- TASK BRIEF -
Only one stretch of the data below is wanted: the lines from the one with "wp k(1,2)] k(3)" through the one with "using u_less_u_le[OF F", repeated exactly.

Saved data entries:
(* Consider the noiseless least squares deterministic dynamics under AdaGrad-Norm described in the context. Let $K$ have a spectrum that converges as $d\to\infty$ to the power law measure $\rho(\lambda)=(1-\beta)\lambda^{-\beta}\mathbf 1_{(0,1)}(\lambda)$ for some $\beta<1$, and suppose $D_i^2(0)\sim\lambda_i^{-\delta}$ for some $\delta\ge0$. Then: (i) if $\beta+\delta<1$, there exists $\tilde\gamma>0$ with $\gamma_t\ge\tilde\gamma$, and $R(t)\asymp_{\delta,\beta}t^{\beta+\delta-2}$ for all $t\ge1$; (ii) if $1<\beta+\delta<2$, then $\gamma_t\asymp_{\delta,\beta}t^{-1+\frac1{\beta+\delta}}$ and $R(t)\asymp_{\delta,\beta}t^{-\frac{2}{\beta+\delta}+1}$ for all $t\ge1$; (iii) if $\beta+\delta=1$, then $\gamma_t\asymp_{\delta,\beta}\frac{1}{\log(t+1)}$ and $R(t)\asymp_{\delta,\beta}\big(\frac{t}{\log(t+1)}\big)^{-1}$ for all $t\ge1$.
   Context: Noiseless least squares: $\mathcal R(X)=\frac12(X-X^\star)^TK(X-X^\star)$, $K$ with eigenpairs $(\lambda_i,\omega_i)$. Deterministic dynamics: $D_i^2(0)=d\langle X_0-X^\star,\omega_i\rangle^2$, $\frac{d}{dt}D_i^2(t)=-2\gamma_t\lambda_iD_i^2(t)+2\gamma_t^2\lambda_iR(t)$, $R(t)=\frac1{2d}\sum_i\lambda_iD_i^2(t)$, with AdaGrad-Norm learning rate $\gamma_t=\eta\big/\sqrt{b^2+\frac{2\mathrm{Tr}(K)}{d}\int_0^tR(s)\,ds}$, $b,\eta>0$. Notation: $f\asymp_{\delta,\beta}g$ means $c\,g\le f\le C\,g$ with constants $c,C>0$ depending on $\delta,\beta$. *)

theory Defs
  imports "HOL-Analysis.Analysis"
begin
lemma stab_apply_le_iff:
  assumes w: "w \<in> stab n l" and x: "x \<in> {1..n}" and ln: "l \<le> n"
  shows "w x \<le> l \<longleftrightarrow> x \<le> l"
proof
  have wp: "w permutes {1..n}" using stab_permutes[OF w] .
  have img: "w ` {1..l} = {1..l}" using w by (simp add: stab_def)
  assume "w x \<le> l"
  moreover have "1 \<le> w x" using permutes_apply_in[OF wp x] by simp
  ultimately have "w x \<in> w ` {1..l}" using img by simp
  then obtain y where y: "y \<in> {1..l}" "w y = w x" by auto
  then have "y = x" using permutes_apply_eq_iff[OF wp] by blast
  then show "x \<le> l" using y by simp
next
  have img: "w ` {1..l} = {1..l}" using w by (simp add: stab_def)
  assume "x \<le> l"
  then have "x \<in> {1..l}" using x by simp
  then have "w x \<in> {1..l}" using img by blast
  then show "w x \<le> l" by simp
qed

lemma s_image_initial: "1 \<le> k \<Longrightarrow> k \<noteq> l \<Longrightarrow> s k ` {1..l} = {1..l}"
proof -
  assume k1: "1 \<le> k" and kl: "k \<noteq> l"
  have sub: "s k ` {1..l} \<subseteq> {1..l}" if "k \<noteq> l" "1 \<le> k" for k l :: nat using that
    by (auto simp: s_apply)
  have "{1..l} = s k ` (s k ` {1..l})" by (simp add: image_comp)
  also have "\<dots> \<subseteq> s k ` {1..l}" using sub[OF kl k1] by blast
  finally show ?thesis using sub[OF kl k1] by blast
qed

lemma stab_comp_s:
  assumes w: "w \<in> stab n l" and k: "1 \<le> k" "k < n" "k \<noteq> l"
  shows "w \<circ> s k \<in> stab n l"
proof -
  have "(w \<circ> s k) ` {1..l} = w ` (s k ` {1..l})" by (simp add: image_comp)
  also have "\<dots> = {1..l}" using s_image_initial[OF k(1) k(3)] w by (simp add: stab_def)
  finally show ?thesis using w permutes_compose[OF s_permutes[OF k(1,2)] stab_permutes[OF w]]
    by (simp add: stab_def perms_def)
qed

lemma Tw_mult_u_Tb_stab:
  fixes t :: "'a::comm_ring_1"
  assumes F: "F \<in> cols n l"
  shows "w \<in> stab n l \<Longrightarrow> Tw_mult n t (u n F) (Tb n w) = Tb n (u n F \<circ> w)"
proof (induction "len n w" arbitrary: w rule: less_induct)
  case less
  have wp: "w permutes {1..n}" using stab_permutes[OF less(2)] .
  have up: "u n F permutes {1..n}" using u_permutes[OF F] .
  have ln: "l \<le> n" using colsD(4)[OF F] .
  show ?case
  proof (cases "w = id")
    case True then show ?thesis using Tw_mult_Tb_id[OF up] by simp
  next
    case False
    obtain k where k: "1 \<le> k" "k < n" "w (Suc k) < w k" using exists_right_descent[OF wp False]
      by blast
    have kl: "k \<noteq> l"
    proof
      assume "k = l"
      then have "w k \<le> l" "\<not> w (Suc k) \<le> l" using stab_apply_le_iff[OF less(2) _ ln, of k]
          stab_apply_le_iff[OF less(2) _ ln, of "Suc k"] k by auto
      then show False using k(3) by simp
    qed
    define w' where "w' = w \<circ> s k"
    have w'S: "w' \<in> stab n l" unfolding w'_def by (rule stab_comp_s[OF less(2) k(1,2) kl])
    have w'p: "w' permutes {1..n}" using stab_permutes[OF w'S] .
    have upk: "w' k < w' (Suc k)" using k by (simp add: w'_def s_apply)
    have lw: "len n w' < len n w" unfolding w'_def using len_comp_s_less_iff[OF wp k(1,2)] k(3)
      by simp
    have ww: "w' \<circ> s k = w" by (simp add: w'_def fun_eq_iff)
    have IH: "Tw_mult n t (u n F) (Tb n w') = Tb n (u n F \<circ> w')" using less(1)[OF lw w'S] .
    have Tbw: "Tb n w = Tr_mult n t k (Tb n w')" using Tr_mult_Tb_ascent[OF w'p k(1,2) upk, of t] ww
      by simp
    have rc: "Tr_equivariant n t (Tw_mult n t (u n F))" using Tw_mult_hlinear_equivariant[OF up]
      by blast
    have blk: "w' k \<le> l \<longleftrightarrow> w' (Suc k) \<le> l"
      using stab_apply_le_iff[OF w'S _ ln, of k] stab_apply_le_iff[OF w'S _ ln, of "Suc k"] k kl
        by auto
    have r1: "1 \<le> w' k" "w' (Suc k) \<le> n"
      using permutes_apply_in[OF w'p, of k] permutes_apply_in[OF w'p, of "Suc k"] k by auto
    have "(u n F \<circ> w') k < (u n F \<circ> w') (Suc k)"
      using u_less_u_le[OF F r1(1) upk] u_less_u_gt[OF F _ upk r1(2)] blk by (cases "w' k \<le> l") auto
    then have "Tr_mult n t k (Tb n (u n F \<circ> w')) = Tb n (u n F \<circ> w' \<circ> s k)"
      using Tr_mult_Tb_ascent[OF permutes_compose[OF w'p up] k(1,2)] by (simp add: o_assoc)
    moreover have "u n F \<circ> w' \<circ> s k = u n F \<circ> w" using ww by (simp add: comp_assoc)
    ultimately show ?thesis using Tbw rc k IH unfolding Tr_equivariant_def by simp
  qed
qed

lemma Hsub_imp_Hn: "g \<in> Hsub n l \<Longrightarrow> g \<in> Hn n"
  by (auto simp: Hsub_def Hn_def stab_def)

lemma hmult_u_Hsub:
  fixes t :: "'a::comm_ring_1"
  assumes F: "F \<in> cols n l" and g: "g \<in> Hsub n l"
  shows "hmult n t (Tb n (u n F)) g = (\<lambda>v. if inv (u n F) \<circ> v \<in> stab n l then g (inv (u n F) \<circ> v) else 0)"
proof
  fix v
  have up: "u n F permutes {1..n}" using u_permutes[OF F] .
  have gH: "g \<in> Hn n" using Hsub_imp_Hn[OF g] .
  have "hmult n t (Tb n (u n F)) g = Tw_mult n t (u n F) (\<Sum>w\<in>perms n. hsmult (g w) (Tb n w))"
    using hmult_Tb[OF up] hecke_basis_expansion[OF gH] by metis
  also have "\<dots> = (\<Sum>w\<in>perms n. hsmult (g w) (Tw_mult n t (u n F) (Tb n w)))"
    using conjunct1[OF Tw_mult_hlinear_equivariant[OF up, of t]]
      by (simp add: hlinear_sum hlinear_hsmult)
  finally have e: "hmult n t (Tb n (u n F)) g v = (\<Sum>w\<in>perms n. g w * Tw_mult n t (u n F) (Tb n w) v)"
    by (simp add: sum_fun_apply hsmult_apply)
  have "(\<Sum>w\<in>perms n. g w * Tw_mult n t (u n F) (Tb n w) v) =
        (\<Sum>w\<in>perms n. if w = inv (u n F) \<circ> v then (if w \<in> stab n l then g w else 0) else 0)"
  proof (rule sum.cong)
    fix w assume wP: "w \<in> perms n"
    show "g w * Tw_mult n t (u n F) (Tb n w) v = (if w = inv (u n F) \<circ> v then (if w \<in> stab n l then g w else 0) else 0)"
    proof (cases "w \<in> stab n l")
      case False
      then show ?thesis using g by (auto simp: Hsub_def)
    next
      case True
      have uw: "u n F \<circ> w \<in> perms n" using permutes_compose[OF stab_permutes[OF True] up]
        by (simp add: perms_def)
      have eq: "v = u n F \<circ> w \<longleftrightarrow> w = inv (u n F) \<circ> v"
        using up by (metis comp_assoc o_id id_o permutes_inv_o)
      have "Tw_mult n t (u n F) (Tb n w) v = Tb n (u n F \<circ> w) v"
        using Tw_mult_u_Tb_stab[OF F True, of t] by simp
      then show ?thesis using True uw eq by (auto simp: Tb_def)
    qed
  qed simp
  also have "\<dots> = (if inv (u n F) \<circ> v \<in> perms n then (if inv (u n F) \<circ> v \<in> stab n l then g (inv (u n F) \<circ> v) else 0) else 0)"
    by (rule sum.delta[OF finite_perms])
  also have "\<dots> = (if inv (u n F) \<circ> v \<in> stab n l then g (inv (u n F) \<circ> v) else 0)"
    by (auto simp: stab_def)
  finally show "hmult n t (Tb n (u n F)) g v = (if inv (u n F) \<circ> v \<in> stab n l then g (inv (u n F) \<circ> v) else 0)"
    using e by simp
qed


text \<open>The components \<open>h\<^sub>F\<close> of \<open>h = \<Sum>\<^sub>F T\<^bsub>u\<^sub>F\<^esub> h\<^sub>F\<close> are read off the cosets
  \<open>u\<^sub>F S\<^bsub>n,\<varpi>\<^sub>l\<^esub>\<close>, on which \<open>T\<^bsub>u\<^sub>F\<^esub> T\<^sub>w = T\<^bsub>u\<^sub>F w\<^esub>\<close>.\<close>

definition coset_coeff :: "nat \<Rightarrow> nat \<Rightarrow> 'a::comm_ring_1 hecke \<Rightarrow> nat set \<Rightarrow> 'a hecke" where
  "coset_coeff n l h F = (if F \<in> cols n l then (\<lambda>w. if w \<in> stab n l then h (u n F \<circ> w) else 0) else 0)"

lemma finite_cols: "finite (cols n l)"
proof -
  have "cols n l \<subseteq> Pow {1..n}" by (auto simp: cols_def)
  then show ?thesis by (rule finite_subset) simp
qed

lemma inv_u_comp_in_stab_iff:
  assumes F: "F \<in> cols n l"
  shows "inv (u n F) \<circ> v \<in> stab n l \<longleftrightarrow> v \<in> perms n \<and> v ` {1..l} = F"
proof
  have up: "u n F permutes {1..n}" using u_permutes[OF F] .
  assume a: "inv (u n F) \<circ> v \<in> stab n l"
  have vv: "u n F \<circ> (inv (u n F) \<circ> v) = v" using up
    by (simp add: comp_assoc[symmetric] permutes_inv_o)
  have "v permutes {1..n}" using permutes_compose[OF stab_permutes[OF a] up] vv by simp
  moreover have "v ` {1..l} = u n F ` ((inv (u n F) \<circ> v) ` {1..l})"
    using vv by (metis image_comp)
  then have "v ` {1..l} = F" using a u_image_initial[OF F] by (simp add: stab_def)
  ultimately show "v \<in> perms n \<and> v ` {1..l} = F" by (simp add: perms_def)
next
  have up: "u n F permutes {1..n}" using u_permutes[OF F] .
  assume a: "v \<in> perms n \<and> v ` {1..l} = F"
  have "(inv (u n F) \<circ> v) ` {1..l} = inv (u n F) ` (v ` {1..l})" by (rule image_comp[symmetric])
  also have "\<dots> = inv (u n F) ` (u n F ` {1..l})" using a u_image_initial[OF F] by simp
  also have "\<dots> = {1..l}" using up by (simp add: image_comp permutes_inv_o)
  finally show "inv (u n F) \<circ> v \<in> stab n l"
    using a permutes_compose[OF _ permutes_inv[OF up], of v] by (simp add: stab_def perms_def)
qed

lemma image_initial_in_cols:
  assumes v: "v \<in> perms n" and ln: "l \<le> n"
  shows "v ` {1..l} \<in> cols n l"
proof -
  have vp: "v permutes {1..n}" using v by (simp add: perms_def)
  have "inj_on v {1..l}" using permutes_inj[OF vp] by (simp add: inj_on_def inj_def)
  then have "card (v ` {1..l}) = l" by (simp add: card_image)
  moreover have "v ` {1..l} \<subseteq> {1..n}" using permutes_apply_in[OF vp] ln by auto
  ultimately show ?thesis by (simp add: cols_def)
qed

- OUTPUT OF THE EXERCISE -
    have lw: "len n w' < len n w" unfolding w'_def using len_comp_s_less_iff[OF wp k(1,2)] k(3)
      by simp
    have ww: "w' \<circ> s k = w" by (simp add: w'_def fun_eq_iff)
    have IH: "Tw_mult n t (u n F) (Tb n w') = Tb n (u n F \<circ> w')" using less(1)[OF lw w'S] .
    have Tbw: "Tb n w = Tr_mult n t k (Tb n w')" using Tr_mult_Tb_ascent[OF w'p k(1,2) upk, of t] ww
      by simp
    have rc: "Tr_equivariant n t (Tw_mult n t (u n F))" using Tw_mult_hlinear_equivariant[OF up]
      by blast
    have blk: "w' k \<le> l \<longleftrightarrow> w' (Suc k) \<le> l"
      using stab_apply_le_iff[OF w'S _ ln, of k] stab_apply_le_iff[OF w'S _ ln, of "Suc k"] k kl
        by auto
    have r1: "1 \<le> w' k" "w' (Suc k) \<le> n"
      using permutes_apply_in[OF w'p, of k] permutes_apply_in[OF w'p, of "Suc k"] k by auto
    have "(u n F \<circ> w') k < (u n F \<circ> w') (Suc k)"
      using u_less_u_le[OF F r1(1) upk] u_less_u_gt[OF F _ upk r1(2)] blk by (cases "w' k \<le> l") auto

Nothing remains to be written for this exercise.